Wait,:stop: what am I missing? 
I've been known to be pretty dense,:blink: and that may be the case here. But, I can't figure what a rub collar would be used for in a table. Just for pattern routing?


----------



## DaninVan (Jan 1, 2012)

Gene; isn't that what James was doing with that neat acrylic jig he posted pictures of, yesterday?


----------



## walowan (Jan 21, 2011)

I have never use guide bushings in a table mounted router....a job that requires guide bushings would be done easier and safer with a handheld router.


----------



## kp91 (Sep 10, 2004)

My oak park miter jig uses a collar as a guide, so I use that one in a table. I've use a few patters with guides in the table, because you can control the height of the bit without worrying where the bearing is.
I have damaged patterns using bearing guided bits, but not with a collar. There were a lot of projects on the TV show that Bob and Rick used template guides in the table

As always, there is more than one way to do everything in the workshop


----------



## bobj3 (Jan 17, 2006)

Hi

I will 2nd that Bob R. sold me on using guides (collars) on the router table he would say that 90% of routers job can be done on the router and with the guides it's true not to saying about to close that big hole up around the bit on the router table...so to say you don't know what you are missing if you don't use them...

1-3/16" Router Plate Inserts - Lee Valley Tools
1-3/16" Router Plate Inserts - Lee Valley Tools

"Discussions solely based on operations that are using the table-mounted router. Bob and Rick say "More than 90% of all operations using the router can be done with the table-mounted router."

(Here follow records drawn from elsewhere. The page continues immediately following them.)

lemma card_rejected_pairs_le:
  assumes Q: "Q \<subseteq> cube d" "card Q \<le> q"
    and respects: "\<forall>f g. (\<forall>x\<in>Q. f x = g x) \<longrightarrow> D f = D g"
    and accepts_unate: "\<forall>g. unate d g \<longrightarrow> D g"
  shows "card {(i, j)\<in>distinct_coordinate_pairs d. \<not> D (truncated_xnor d i j)}
    \<le> 2 * d * (nat \<lfloor>band_radius d\<rfloor> * q)"
proof -
  let ?W = "nat \<lfloor>band_radius d\<rfloor>"
  define V where "V = {z\<in>Q. in_band d z}"
  have "finite Q" and finite_point: "\<And>y. y \<in> Q \<Longrightarrow> finite y"
    using Q(1) finite_subset unfolding cube_def by auto
  then have "finite V" "card V \<le> q"
    using card_mono[of Q V] Q(2) unfolding V_def by auto
  moreover have "\<exists>S. finite S \<and> card S \<le> ?W * card V \<and> (\<forall>x\<in>V. \<forall>y\<in>V. x \<subseteq> y \<longrightarrow> y - x \<subseteq> S)"
    using \<open>finite V\<close> card_diff_in_band_le finite_point unfolding V_def
    by (intro small_cover_of_comparable_diffs) auto
  ultimately obtain S where S: "finite S" "card S \<le> ?W * q"
    and cover: "\<forall>x\<in>V. \<forall>y\<in>V. x \<subseteq> y \<longrightarrow> y - x \<subseteq> S"
    by (meson le_trans mult_le_mono2)
  have "{(i, j)\<in>distinct_coordinate_pairs d. \<not> D (truncated_xnor d i j)} \<subseteq> S \<times> {..<d} \<union> {..<d} \<times> S"
  proof
    fix p assume p: "p \<in> {(i, j)\<in>distinct_coordinate_pairs d. \<not> D (truncated_xnor d i j)}"
    then obtain i j where ij: "p = (i, j)" "i < d" "j < d" "\<not> D (truncated_xnor d i j)"
      unfolding distinct_coordinate_pairs_def by auto
    show "p \<in> S \<times> {..<d} \<union> {..<d} \<times> S"
    proof (rule ccontr)
      assume "p \<notin> S \<times> {..<d} \<union> {..<d} \<times> S"
      with ij have "i \<notin> S" "j \<notin> S" by auto
      have monotone: "truncated_xnor d i j y"
        if "x \<in> Q" "y \<in> Q" "x \<subseteq> y" "truncated_xnor d i j x" for x y
        using finite_point cover[unfolded V_def] \<open>i \<notin> S\<close> \<open>j \<notin> S\<close> that
        by (rule truncated_xnor_monotone_off_cover)
      have "D (truncated_xnor d i j)"
        using respects accepts_unate monotone by (rule accepts_if_monotone_on_queries)
      with ij(4) show False ..
    qed
  qed
  then have "card {(i, j)\<in>distinct_coordinate_pairs d. \<not> D (truncated_xnor d i j)}
      \<le> card (S \<times> {..<d} \<union> {..<d} \<times> S)"
    using S(1) by (intro card_mono) simp_all
  also have "\<dots> \<le> card (S \<times> {..<d}) + card ({..<d} \<times> S)"
    by (rule card_Un_le)
  also have "\<dots> = 2 * d * card S"
    by (simp add: card_cartesian_product)
  also have "\<dots> \<le> 2 * d * (?W * q)"
    using S(2) by simp
  finally show ?thesis .
qed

http://www.youtube.com/watch?v=DbW543e4LhU
http://www.youtube.com/watch?v=JLpAiyZCIVM
http://www.youtube.com/watch?v=QpxHgbEw6qw
http://www.youtube.com/watch?v=1QbV0jODRTM

===




kp91 said:


> My oak park miter jig uses a collar as a guide, so I use that one in a table. I've use a few patters with guides in the table, because you can control the height of the bit without worrying where the bearing is.
> I have damaged patterns using bearing guided bits, but not with a collar. There were a lot of projects on the TV show that Bob and Rick used template guides in the table
> 
> As always, there is more than one way to do everything in the workshop


----------



## greenacres2 (Dec 23, 2011)

I haven't used guide bushings much in my tables, but I do use a set of Whiteside zero clearance rings. Not as easy to change as the Incra inserts, but two sets were thrown in on a deal so the cost was right!!

earl


----------



## HawaiiBob (Dec 2, 2013)

I have an idea for a circle cutting jig and using a guide bushing to 'centre' the jig on the bit would be ideal.

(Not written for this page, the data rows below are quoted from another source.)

lemma integrable_integral_exp_mult:
  assumes M1: "real_distribution M1" and M2: "real_distribution M2"
    and B1: "abs_moments_le M1 B" and B2: "abs_moments_le M2 B"
    and sum: "summable (\<lambda>j. B j ^ 2 / fact j)"
  shows "integrable M1 (\<lambda>a. \<integral>b. exp (a * b) \<partial>M2)"
    and "(\<integral>\<^sup>+a. (\<integral>\<^sup>+b. ennreal (exp (a * b)) \<partial>M2) \<partial>M1) = ennreal (\<integral>a. (\<integral>b. exp (a * b) \<partial>M2) \<partial>M1)"
proof -
  interpret M2: prob_space M2 using real_distributionD[OF M2] by simp
  note [measurable_cong] = real_distributionD(2)[OF M1] real_distributionD(2)[OF M2]
  have inner: "(\<integral>\<^sup>+b. ennreal (exp (a * b)) \<partial>M2) = ennreal (\<integral>b. exp (a * b) \<partial>M2)" for a
    using integrable_exp_mult[OF M2 B2 sum] by (intro nn_integral_eq_integral) auto
  have meas: "(\<lambda>a. \<integral>b. exp (a * b) \<partial>M2) \<in> borel_measurable M1"
    by measurable
  have "(\<integral>\<^sup>+a. ennreal (norm (\<integral>b. exp (a * b) \<partial>M2)) \<partial>M1)
      = (\<integral>\<^sup>+a. (\<integral>\<^sup>+b. ennreal (exp (a * b)) \<partial>M2) \<partial>M1)"
    unfolding inner by simp
  also have "\<dots> < \<infinity>"
    by (rule le_less_trans[OF nn_integral_exp_mult_le[OF M1 M2 B1 B2 sum]]) simp
  finally show int: "integrable M1 (\<lambda>a. \<integral>b. exp (a * b) \<partial>M2)"
    by (rule integrableI_bounded[OF meas])
  show "(\<integral>\<^sup>+a. (\<integral>\<^sup>+b. ennreal (exp (a * b)) \<partial>M2) \<partial>M1) = ennreal (\<integral>a. (\<integral>b. exp (a * b) \<partial>M2) \<partial>M1)"
    unfolding inner using int by (intro nn_integral_eq_integral) auto
qed

lemma integral_exp_taylor_mult:
  fixes l :: nat
  assumes M1: "real_distribution M1" and M2: "real_distribution M2"
    and B1: "abs_moments_le M1 B" and B2: "abs_moments_le M2 B"
  defines "T \<equiv> \<lambda>a b. \<Sum>j\<le>l. (a * b) ^ j / fact j"
  shows "integrable M2 (T a)" "integrable M1 (\<lambda>a. \<integral>b. T a b \<partial>M2)"
    and "(\<integral>a. (\<integral>b. T a b \<partial>M2) \<partial>M1) = (\<Sum>j\<le>l. moment M1 j * moment M2 j / fact j)"
proof -
  note pow1 = abs_moments_le_integrable(1)[OF M1 B1]
  note pow2 = abs_moments_le_integrable(1)[OF M2 B2]
  have expand: "T a b = (\<Sum>j\<le>l. a ^ j / fact j * b ^ j)" for a b
    unfolding T_def by (simp add: power_mult_distrib)
  show "integrable M2 (T a)"
    unfolding expand using pow2 by simp
  have inner: "(\<integral>b. T a b \<partial>M2) = (\<Sum>j\<le>l. moment M2 j / fact j * a ^ j)" for a
    unfolding expand moment_def using pow2 by (simp add: Bochner_Integration.integral_sum mult.commute)
  show "integrable M1 (\<lambda>a. \<integral>b. T a b \<partial>M2)"
    unfolding inner using pow1 by simp
  show "(\<integral>a. (\<integral>b. T a b \<partial>M2) \<partial>M1) = (\<Sum>j\<le>l. moment M1 j * moment M2 j / fact j)"
    unfolding inner using pow1 by (simp add: Bochner_Integration.integral_sum moment_def mult.commute)
qed

lemma nn_integral_abs_exp_mult_minus_taylor_le:
  assumes M1: "real_distribution M1" and M2: "real_distribution M2"
    and B1: "abs_moments_le M1 B" and B2: "abs_moments_le M2 B"
    and sum: "summable (\<lambda>j. B j ^ 2 / fact j)"
  shows "(\<integral>\<^sup>+a. (\<integral>\<^sup>+b. ennreal \<bar>exp (a * b) - (\<Sum>j\<le>l. (a * b) ^ j / fact j)\<bar> \<partial>M2) \<partial>M1)
      \<le> ennreal (\<Sum>i. B (i + Suc l) ^ 2 / fact (i + Suc l))"
proof -
  have tail_sum: "summable (\<lambda>i. 1 / fact (i + Suc l) * B (i + Suc l) ^ 2)"
    using summable_ignore_initial_segment[OF sum, of "Suc l"] by simp
  have "(\<integral>\<^sup>+a. (\<integral>\<^sup>+b. ennreal \<bar>exp (a * b) - (\<Sum>j\<le>l. (a * b) ^ j / fact j)\<bar> \<partial>M2) \<partial>M1)
      \<le> (\<integral>\<^sup>+a. (\<integral>\<^sup>+b.
        (\<Sum>i. ennreal (1 / fact (i + Suc l) * \<bar>a\<bar> ^ (i + Suc l) * \<bar>b\<bar> ^ (i + Suc l))) \<partial>M2) \<partial>M1)"
    by (intro nn_integral_mono ennreal_abs_exp_mult_minus_taylor_le)
  also have "\<dots> = (\<Sum>i. ennreal (1 / fact (i + Suc l)) * (\<integral>\<^sup>+b. ennreal (\<bar>b\<bar> ^ (i + Suc l)) \<partial>M2)
      * (\<integral>\<^sup>+a. ennreal (\<bar>a\<bar> ^ (i + Suc l)) \<partial>M1))"
    by (rule nn_integral_pair_suminf_mult_abs_power[OF real_distributionD(2)[OF M1]
          real_distributionD(2)[OF M2], of "\<lambda>i. 1 / fact (i + Suc l)" "\<lambda>i. i + Suc l"]) simp
  also have "\<dots> \<le> ennreal (\<Sum>i. 1 / fact (i + Suc l) * B (i + Suc l) ^ 2)"
    by (rule suminf_ennreal_mult_le[where B = "\<lambda>i. B (i + Suc l)"])
       (simp, rule abs_moments_leD(1)[OF B1], rule abs_moments_leD(2)[OF B1],
        rule abs_moments_leD(2)[OF B2], rule tail_sum)
  finally show ?thesis by simp
qed

lemma abs_integral_exp_mult_minus_moments_le:
  assumes M1: "real_distribution M1" and M2: "real_distribution M2"
    and B1: "abs_moments_le M1 B" and B2: "abs_moments_le M2 B"
    and sum: "summable (\<lambda>j. B j ^ 2 / fact j)"
  shows "\<bar>(\<integral>a. (\<integral>b. exp (a * b) \<partial>M2) \<partial>M1) - (\<Sum>j\<le>l. moment M1 j * moment M2 j / fact j)\<bar>
           \<le> (\<Sum>i. B (i + Suc l) ^ 2 / fact (i + Suc l))"
proof -
  define T where "T a b = (\<Sum>j\<le>l. (a * b) ^ j / fact j)" for a b :: real
  define R where "R a b = exp (a * b) - T a b" for a b
  note T = integral_exp_taylor_mult[OF M1 M2 B1 B2, where l = l, folded T_def]
  note E = integrable_integral_exp_mult[OF M1 M2 B1 B2 sum]
  have R_int: "integrable M2 (R a)" for a
    unfolding R_def using integrable_exp_mult[OF M2 B2 sum] T(1) by simp
  have R_inner: "(\<integral>b. R a b \<partial>M2) = (\<integral>b. exp (a * b) \<partial>M2) - (\<integral>b. T a b \<partial>M2)" for a
    unfolding R_def using integrable_exp_mult[OF M2 B2 sum] T(1) by simp
  have R_outer: "integrable M1 (\<lambda>a. \<integral>b. R a b \<partial>M2)"
    unfolding R_inner using E(1) T(2) by simp
  have diff: "(\<integral>a. (\<integral>b. exp (a * b) \<partial>M2) \<partial>M1) - (\<Sum>j\<le>l. moment M1 j * moment M2 j / fact j)
      = (\<integral>a. (\<integral>b. R a b \<partial>M2) \<partial>M1)"
    unfolding T(3)[symmetric] R_inner using E(1) T(2) by simp
  have "ennreal \<bar>\<integral>a. (\<integral>b. R a b \<partial>M2) \<partial>M1\<bar> \<le> (\<integral>\<^sup>+a. ennreal \<bar>\<integral>b. R a b \<partial>M2\<bar> \<partial>M1)"
    using integral_norm_bound_ennreal[OF R_outer] by simp
  also have "\<dots> \<le> (\<integral>\<^sup>+a. (\<integral>\<^sup>+b. ennreal \<bar>R a b\<bar> \<partial>M2) \<partial>M1)"
    using integral_norm_bound_ennreal[OF R_int] by (intro nn_integral_mono) simp
  also have "\<dots> \<le> ennreal (\<Sum>i. B (i + Suc l) ^ 2 / fact (i + Suc l))"
    unfolding R_def T_def by (rule nn_integral_abs_exp_mult_minus_taylor_le[OF M1 M2 B1 B2 sum])
  finally have "ennreal \<bar>\<integral>a. (\<integral>b. R a b \<partial>M2) \<partial>M1\<bar>
      \<le> ennreal (\<Sum>i. B (i + Suc l) ^ 2 / fact (i + Suc l))" .
  moreover have "0 \<le> (\<Sum>i. B (i + Suc l) ^ 2 / fact (i + Suc l))"
    using summable_ignore_initial_segment[OF sum, of "Suc l"] by (rule suminf_nonneg) simp
  ultimately show ?thesis
    unfolding diff by (simp add: ennreal_le_iff)
qed

section \<open>The chi-squared bound\<close>

lemma integral_std_normal_ratio_mult:
  assumes M1: "real_distribution M1" and M2: "real_distribution M2"
    and B1: "abs_moments_le M1 B" and B2: "abs_moments_le M2 B"
    and sum: "summable (\<lambda>j. B j ^ 2 / fact j)"
  shows "integrable lborel (\<lambda>x. std_normal_density x * gauss_conv_ratio M1 x * gauss_conv_ratio M2 x)"
    and "(\<integral>x. std_normal_density x * gauss_conv_ratio M1 x * gauss_conv_ratio M2 x \<partial>lborel)
       = (\<integral>a. (\<integral>b. exp (a * b) \<partial>M2) \<partial>M1)"
proof -
  interpret M1: prob_space M1 using real_distributionD[OF M1] by simp
  interpret M2: prob_space M2 using real_distributionD[OF M2] by simp
  note [measurable_cong] = real_distributionD(2)[OF M1] real_distributionD(2)[OF M2]
  define f where "f = (\<lambda>x. std_normal_density x * gauss_conv_ratio M1 x * gauss_conv_ratio M2 x)"
  have f_nonneg: "0 \<le> f x" for x
    unfolding f_def by (simp add: gauss_conv_ratio_nonneg)
  have meas: "f \<in> borel_measurable lborel"
    unfolding f_def gauss_conv_ratio_def by measurable
  have nn: "(\<integral>\<^sup>+x. ennreal (f x) \<partial>lborel) = ennreal (\<integral>a. (\<integral>b. exp (a * b) \<partial>M2) \<partial>M1)"
    unfolding f_def nn_integral_std_normal_ratio_mult[OF M1 M2]
    by (rule integrable_integral_exp_mult(2)[OF M1 M2 B1 B2 sum])
  have int: "integrable lborel f"
    by (rule integrableI_bounded[OF meas]) (use nn f_nonneg in simp)
  then show "integrable lborel (\<lambda>x. std_normal_density x * gauss_conv_ratio M1 x * gauss_conv_ratio M2 x)"
    unfolding f_def .
  have "ennreal (\<integral>x. f x \<partial>lborel) = ennreal (\<integral>a. (\<integral>b. exp (a * b) \<partial>M2) \<partial>M1)"
    using nn_integral_eq_integral[OF int] nn f_nonneg by simp
  then show "(\<integral>x. std_normal_density x * gauss_conv_ratio M1 x * gauss_conv_ratio M2 x \<partial>lborel)
       = (\<integral>a. (\<integral>b. exp (a * b) \<partial>M2) \<partial>M1)"
    unfolding f_def by (simp add: gauss_conv_ratio_nonneg)
qed

lemma chi2_gauss_conv_le:
  assumes "0 < c" "\<And>x. c \<le> gauss_conv_ratio N2 x"
  shows "chi2 (gauss_conv_density N1) (gauss_conv_density N2)
     \<le> (\<integral>\<^sup>+x. ennreal (std_normal_density x * (gauss_conv_ratio N1 x - gauss_conv_ratio N2 x)\<^sup>2 / c) \<partial>lborel)"
proof -
  have "(gauss_conv_density N1 x - gauss_conv_density N2 x)\<^sup>2 / gauss_conv_density N2 x
      \<le> std_normal_density x * (gauss_conv_ratio N1 x - gauss_conv_ratio N2 x)\<^sup>2 / c" for x
  proof -
    have \<phi>: "0 < std_normal_density x" by (simp add: normal_density_pos)
    have R2: "0 < gauss_conv_ratio N2 x" using assms by (metis order.strict_trans2)
    have "(gauss_conv_density N1 x - gauss_conv_density N2 x)\<^sup>2 / gauss_conv_density N2 x
        = std_normal_density x * (gauss_conv_ratio N1 x - gauss_conv_ratio N2 x)\<^sup>2 / gauss_conv_ratio N2 x"
      unfolding gauss_conv_density_eq_ratio using \<phi> R2 by (simp add: power2_eq_square field_simps)
    also have "\<dots> \<le> std_normal_density x * (gauss_conv_ratio N1 x - gauss_conv_ratio N2 x)\<^sup>2 / c"
      using assms R2 \<phi> by (intro divide_left_mono) auto
    finally show ?thesis .
  qed
  then show ?thesis
    unfolding chi2_def by (intro nn_integral_mono ennreal_leI)
qed

lemma moment_0: "prob_space M \<Longrightarrow> moment M 0 = 1"
  unfolding moment_def by (simp add: prob_space.prob_space)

All I have to do is work out how to do it.


----------



## Mike (Nov 22, 2004)

Guide bushings are how you guide jigs on your router table. Your hands are kept safely away from the bit. Sometimes you can do the same job with a bearing guided bit... just be sure to guard your work.


----------



## neville9999 (Jul 22, 2010)

Mike said:


> Guide bushings are how you guide jigs on your router table. Your hands are kept safely away from the bit. Sometimes you can do the same job with a bearing guided bit... just be sure to guard your work.

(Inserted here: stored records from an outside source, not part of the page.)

(* For every even $m\ge 2$ and every $n\ge 2$, the $m$th order $n$-dimensional Pascal tensor is positive definite.
   Context: The $m$th order $n$-dimensional Pascal tensor is $\mathcal{P}=(p_{i_1\dots i_m})$ with $p_{i_1\dots i_m}=\frac{(i_1+\dots+i_m-m)!}{(i_1-1)!\cdots(i_m-1)!}$ for $i_1,\dots,i_m\in\{1,\dots,n\}$ (for $m=2$ this is the symmetric Pascal matrix). For $m$ even, a symmetric tensor $\mathcal{A}$ is positive definite if $\mathcal{A}\mathbf{x}^m=\sum_{i_1,\dots,i_m}a_{i_1\dots i_m}x_{i_1}\cdots x_{i_m}>0$ for all nonzero $\mathbf{x}\in\mathbb{R}^n$. *)

theory Defs
  imports "HOL-Analysis.Analysis" "HOL-Library.FuncSet"
begin

text \<open>Indices are shifted to be 0-based: an index tuple (i_1,...,i_m) with i_k in {1..n}
  is represented by a function idx on {0..<m} with idx k = i_(k+1) - 1 in {0..<n}.
  Then p_{i_1...i_m} = (i_1+...+i_m-m)! / ((i_1-1)!...(i_m-1)!)
  = (sum of idx)! / prod of (idx k)!.\<close>

definition pascal_tensor :: "nat \<Rightarrow> (nat \<Rightarrow> nat) \<Rightarrow> real" where
  "pascal_tensor m idx = fact (\<Sum>k<m. idx k) / (\<Prod>k<m. fact (idx k))"

definition tensor_form :: "nat \<Rightarrow> nat \<Rightarrow> ((nat \<Rightarrow> nat) \<Rightarrow> real) \<Rightarrow> (nat \<Rightarrow> real) \<Rightarrow> real" where
  "tensor_form m n A x = (\<Sum>idx \<in> {..<m} \<rightarrow>\<^sub>E {..<n}. A idx * (\<Prod>k<m. x (idx k)))"

definition positive_definite_tensor :: "nat \<Rightarrow> nat \<Rightarrow> ((nat \<Rightarrow> nat) \<Rightarrow> real) \<Rightarrow> bool" where
  "positive_definite_tensor m n A \<longleftrightarrow>
     (\<forall>x::nat \<Rightarrow> real. (\<exists>i<n. x i \<noteq> 0) \<longrightarrow> tensor_form m n A x > 0)"

end

theory Submission
  imports Defs "HOL-Computational_Algebra.Polynomial"
begin

text \<open>Put \<open>y\<^sub>i = x\<^sub>i / i!\<close> and \<open>p(t) = \<Sum>\<^sub>i y\<^sub>i t\<^sup>i\<close>. Expanding \<open>p\<^sup>m\<close> shows that the form
  \<open>\<P>x\<^sup>m\<close> equals \<open>L(p\<^sup>m)\<close>, where \<open>L\<close> is the linear functional \<open>t\<^sup>s \<mapsto> s!\<close>. For
  \<open>m = 2r\<close> this is \<open>L(q\<^sup>2)\<close> with \<open>q = p\<^sup>r \<noteq> 0\<close>, a quadratic form in the coefficients of
  \<open>q\<close> with Hankel matrix \<open>((a+b)!)\<close>. Vandermonde's identity
  \<open>(a+b)! = a! b! \<Sum>\<^sub>j C(a,j) C(b,j)\<close> writes it as \<open>\<Sum>\<^sub>j G\<^sub>j\<^sup>2\<close> with
  \<open>G\<^sub>j = \<Sum>\<^sub>a a! C(a,j) q\<^sub>a\<close>, and by triangularity the top term \<open>G\<^sub>d = d! lead(q)\<close>, \<open>d = deg q\<close>,
  is nonzero.\<close>

lemma fact_add_eq_sum_choose_products:
  fixes a b d :: nat
  assumes "b \<le> d"
  shows "fact (a + b) = fact a * fact b * (\<Sum>j\<le>d. (a choose j) * (b choose j))"
proof -
  have "(\<Sum>j\<le>d. (a choose j) * (b choose j)) = (\<Sum>j\<le>b. (a choose j) * (b choose j))"
    using assms by (intro sum.mono_neutral_right) auto
  also have "\<dots> = (\<Sum>j\<le>b. (a choose j) * (b choose (b - j)))"
    by (intro sum.cong refl) (simp add: binomial_symmetric[symmetric])
  also have "\<dots> = (a + b) choose b"
    by (rule vandermonde)
  finally show ?thesis
    using binomial_fact_lemma[of b "a + b"] by (simp add: mult_ac)
qed

lemma hankel_factorial_sum_of_squares:
  fixes c :: "nat \<Rightarrow> 'a::{comm_semiring_1,semiring_char_0}"
  shows "(\<Sum>a\<le>d. \<Sum>b\<le>d. fact (a + b) * c a * c b)
       = (\<Sum>j\<le>d. (\<Sum>a\<le>d. fact a * of_nat (a choose j) * c a)\<^sup>2)"
proof -
  define X where "X a j = fact a * of_nat (a choose j) * c a" for a j
  have "fact (a + b) * c a * c b = (\<Sum>j\<le>d. X a j * X b j)" if "b \<le> d" for a b
  proof -
    have "(fact (a + b) :: 'a) = fact a * fact b * (\<Sum>j\<le>d. of_nat (a choose j) * of_nat (b choose j))"
      using arg_cong[OF fact_add_eq_sum_choose_products[OF that, of a], of "of_nat :: nat \<Rightarrow> 'a"]
      by (simp add: of_nat_sum of_nat_fact)
    then show ?thesis
      unfolding X_def by (simp add: sum_distrib_left sum_distrib_right) (simp only: mult_ac)
  qed
  then have "(\<Sum>a\<le>d. \<Sum>b\<le>d. fact (a + b) * c a * c b) = (\<Sum>a\<le>d. \<Sum>b\<le>d. \<Sum>j\<le>d. X a j * X b j)"
    by (intro sum.cong refl) simp
  also have "\<dots> = (\<Sum>a\<le>d. \<Sum>j\<le>d. \<Sum>b\<le>d. X a j * X b j)"
    by (rule sum.cong[OF refl]) (rule sum.swap)
  also have "\<dots> = (\<Sum>j\<le>d. \<Sum>a\<le>d. \<Sum>b\<le>d. X a j * X b j)"
    by (rule sum.swap)
  also have "\<dots> = (\<Sum>j\<le>d. (\<Sum>a\<le>d. X a j)\<^sup>2)"
    by (simp only: power2_eq_square sum_product)
  finally show ?thesis
    unfolding X_def .
qed

text \<open>\<open>factorial_moment p = \<integral>\<^sub>0\<^sup>\<infinity> p(t) e\<^sup>-\<^sup>t dt\<close>, written algebraically.\<close>

definition factorial_moment :: "'a::{comm_semiring_1,semiring_char_0} poly \<Rightarrow> 'a" where
  "factorial_moment p = (\<Sum>i\<le>degree p. fact i * coeff p i)"

lemma factorial_moment_eq:
  assumes "degree p \<le> N"
  shows "factorial_moment p = (\<Sum>i\<le>N. fact i * coeff p i)"
  unfolding factorial_moment_def
  using assms by (intro sum.mono_neutral_left) (auto simp: coeff_eq_0)

lemma factorial_moment_0 [simp]: "factorial_moment 0 = 0"
  by (simp add: factorial_moment_def)

lemma factorial_moment_add: "factorial_moment (p + q) = factorial_moment p + factorial_moment q"
proof -
  define N where "N = max (degree p) (degree q)"
  have "degree (p + q) \<le> N" unfolding N_def by (rule degree_add_le_max)
  then show ?thesis
    by (simp add: factorial_moment_eq[of _ N] N_def sum.distrib distrib_left)
qed

lemma factorial_moment_sum: "factorial_moment (\<Sum>x\<in>A. p x) = (\<Sum>x\<in>A. factorial_moment (p x))"
  by (induction A rule: infinite_finite_induct)
     (simp_all add: factorial_moment_add)

lemma factorial_moment_monom [simp]: "factorial_moment (monom c n) = fact n * c"
  by (simp add: factorial_moment_eq[OF degree_monom_le] if_distrib[of "(*) (fact _)"] cong: if_cong)

lemma factorial_moment_mult:
  "factorial_moment (p * q)
     = (\<Sum>a\<le>degree p. \<Sum>b\<le>degree q. fact (a + b) * coeff p a * coeff q b)"
proof -
  have "p * q = (\<Sum>a\<le>degree p. \<Sum>b\<le>degree q. monom (coeff p a * coeff q b) (a + b))"
    by (subst (1 2) poly_as_sum_of_monoms[symmetric])
       (simp add: sum_product mult_monom)
  then show ?thesis
    by (simp add: factorial_moment_sum mult_ac)
qed

lemma factorial_moment_square_pos:
  fixes q :: "'a::linordered_idom poly"
  assumes "q \<noteq> 0"
  shows "factorial_moment (q * q) > 0"
proof -
  define d where "d = degree q"
  define G where "G j = (\<Sum>a\<le>d. fact a * of_nat (a choose j) * coeff q a)" for j
  have "G d = (\<Sum>a\<in>{d}. fact a * of_nat (a choose d) * coeff q a)"
    unfolding G_def by (intro sum.mono_neutral_right) auto
  then have "G d = fact d * lead_coeff q"
    by (simp add: d_def)
  then have "0 < (G d)\<^sup>2"
    using assms by simp
  also have "\<dots> \<le> (\<Sum>j\<le>d. (G j)\<^sup>2)"
    by (rule member_le_sum) auto
  also have "\<dots> = factorial_moment (q * q)"
    by (simp add: factorial_moment_mult hankel_factorial_sum_of_squares G_def d_def)
  finally show ?thesis .
qed

lemma prod_monom: "(\<Prod>k\<in>A. monom (c k) (e k)) = monom (\<Prod>k\<in>A. c k) (\<Sum>k\<in>A. e k)"
  by (induction A rule: infinite_finite_induct) (simp_all add: mult_monom monom_0 one_pCons)

lemma power_sum_monoms:
  fixes c :: "nat \<Rightarrow> 'a::comm_semiring_1"
  assumes "finite I"
  shows "(\<Sum>i\<in>I. monom (c i) i) ^ m
       = (\<Sum>idx\<in>{..<m} \<rightarrow>\<^sub>E I. monom (\<Prod>k<m. c (idx k)) (\<Sum>k<m. idx k))"
proof -
  have "(\<Sum>i\<in>I. monom (c i) i) ^ m = (\<Prod>k<m. \<Sum>i\<in>I. monom (c i) i)"
    by simp
  also have "\<dots> = (\<Sum>idx\<in>{..<m} \<rightarrow>\<^sub>E I. \<Prod>k<m. monom (c (idx k)) (idx k))"
    using assms by (intro prod_sum_PiE[where f = "\<lambda>_ i. monom (c i) i"]) auto
  finally show ?thesis
    by (simp add: prod_monom)
qed

lemma pascal_tensor_form_eq_factorial_moment:
  "tensor_form m n (pascal_tensor m) x
     = factorial_moment ((\<Sum>i<n. monom (x i / fact i) i) ^ m)"
  unfolding power_sum_monoms[OF finite_lessThan] factorial_moment_sum tensor_form_def
    pascal_tensor_def
  by (intro sum.cong refl) (simp add: prod_dividef)

theorem theorem2p3:
  fixes m n :: nat
  assumes "even m" and "m \<ge> 2" and "n \<ge> 2"
  shows "positive_definite_tensor m n (pascal_tensor m)"
  unfolding positive_definite_tensor_def
proof (intro allI impI)
  fix x :: "nat \<Rightarrow> real"
  assume "\<exists>i<n. x i \<noteq> 0"
  then obtain i where "i < n" "x i \<noteq> 0" by blast
  define p where "p = (\<Sum>i<n. monom (x i / fact i) i)"
  have "coeff p i = x i / fact i"
    using \<open>i < n\<close> by (simp add: p_def coeff_sum)
  then have "p \<noteq> 0"
    using \<open>x i \<noteq> 0\<close> by auto
  obtain r where "m = 2 * r"
    using \<open>even m\<close> by blast
  then have "p ^ m = p ^ r * p ^ r"
    by (simp add: mult_2 power_add)
  then show "tensor_form m n (pascal_tensor m) x > 0"
    using factorial_moment_square_pos[of "p ^ r"] \<open>p \<noteq> 0\<close>
    by (simp add: pascal_tensor_form_eq_factorial_moment p_def)
qed

end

Mike I am happy to see your stack of bottle balancer's as when you set up to make one of anything then you may as well make a hundred of them and what you say about bearing cutters and guide rings is very correct, N


----------



## Mike (Nov 22, 2004)

Actually Neville this was helping Barb last year. I just thought the photo was a good explanation.


----------



## TomE (Dec 17, 2010)

HawaiiBob said:


> I have an idea for a circle cutting jig and using a guide bushing to 'centre' the jig on the bit would be ideal.
> 
> All I have to do is work out how to do it.


Maybe like this one?

Circle Cutting Jig For The Router


----------



## HawaiiBob (Dec 2, 2013)

Similar idea. but for use on a table mounted router.


----------



## bobj3 (Jan 17, 2006)

Hi Bob

Here's one for the router table
Router Forums - View Single Post - Circle Jig

===


HawaiiBob said:


> Similar idea. but for use on a table mounted router.


----------



## HawaiiBob (Dec 2, 2013)

Bob,

That is what I had in mind, but maybe not quite as fancy, or as infinitely adjustable.

I saw one that some bloke had also made for his bandsaw and he used trimmed down pop-rivets which he inserted in holes drilled along the centre line of the jig with which to rotate the work piece.


----------



## neville9999 (Jul 22, 2010)

Mike said:


> Actually Neville this was helping Barb last year. I just thought the photo was a good explanation.


Mike I have said to the forum a few times that when the members set out to make one item then they should use up some of that wood that is just laying around and make a few more of them at the same time, as when you make more than one of any item then you change how you think about making anything so your little stack of bottle balancers is just proof for them that doing more is the better way. n


----------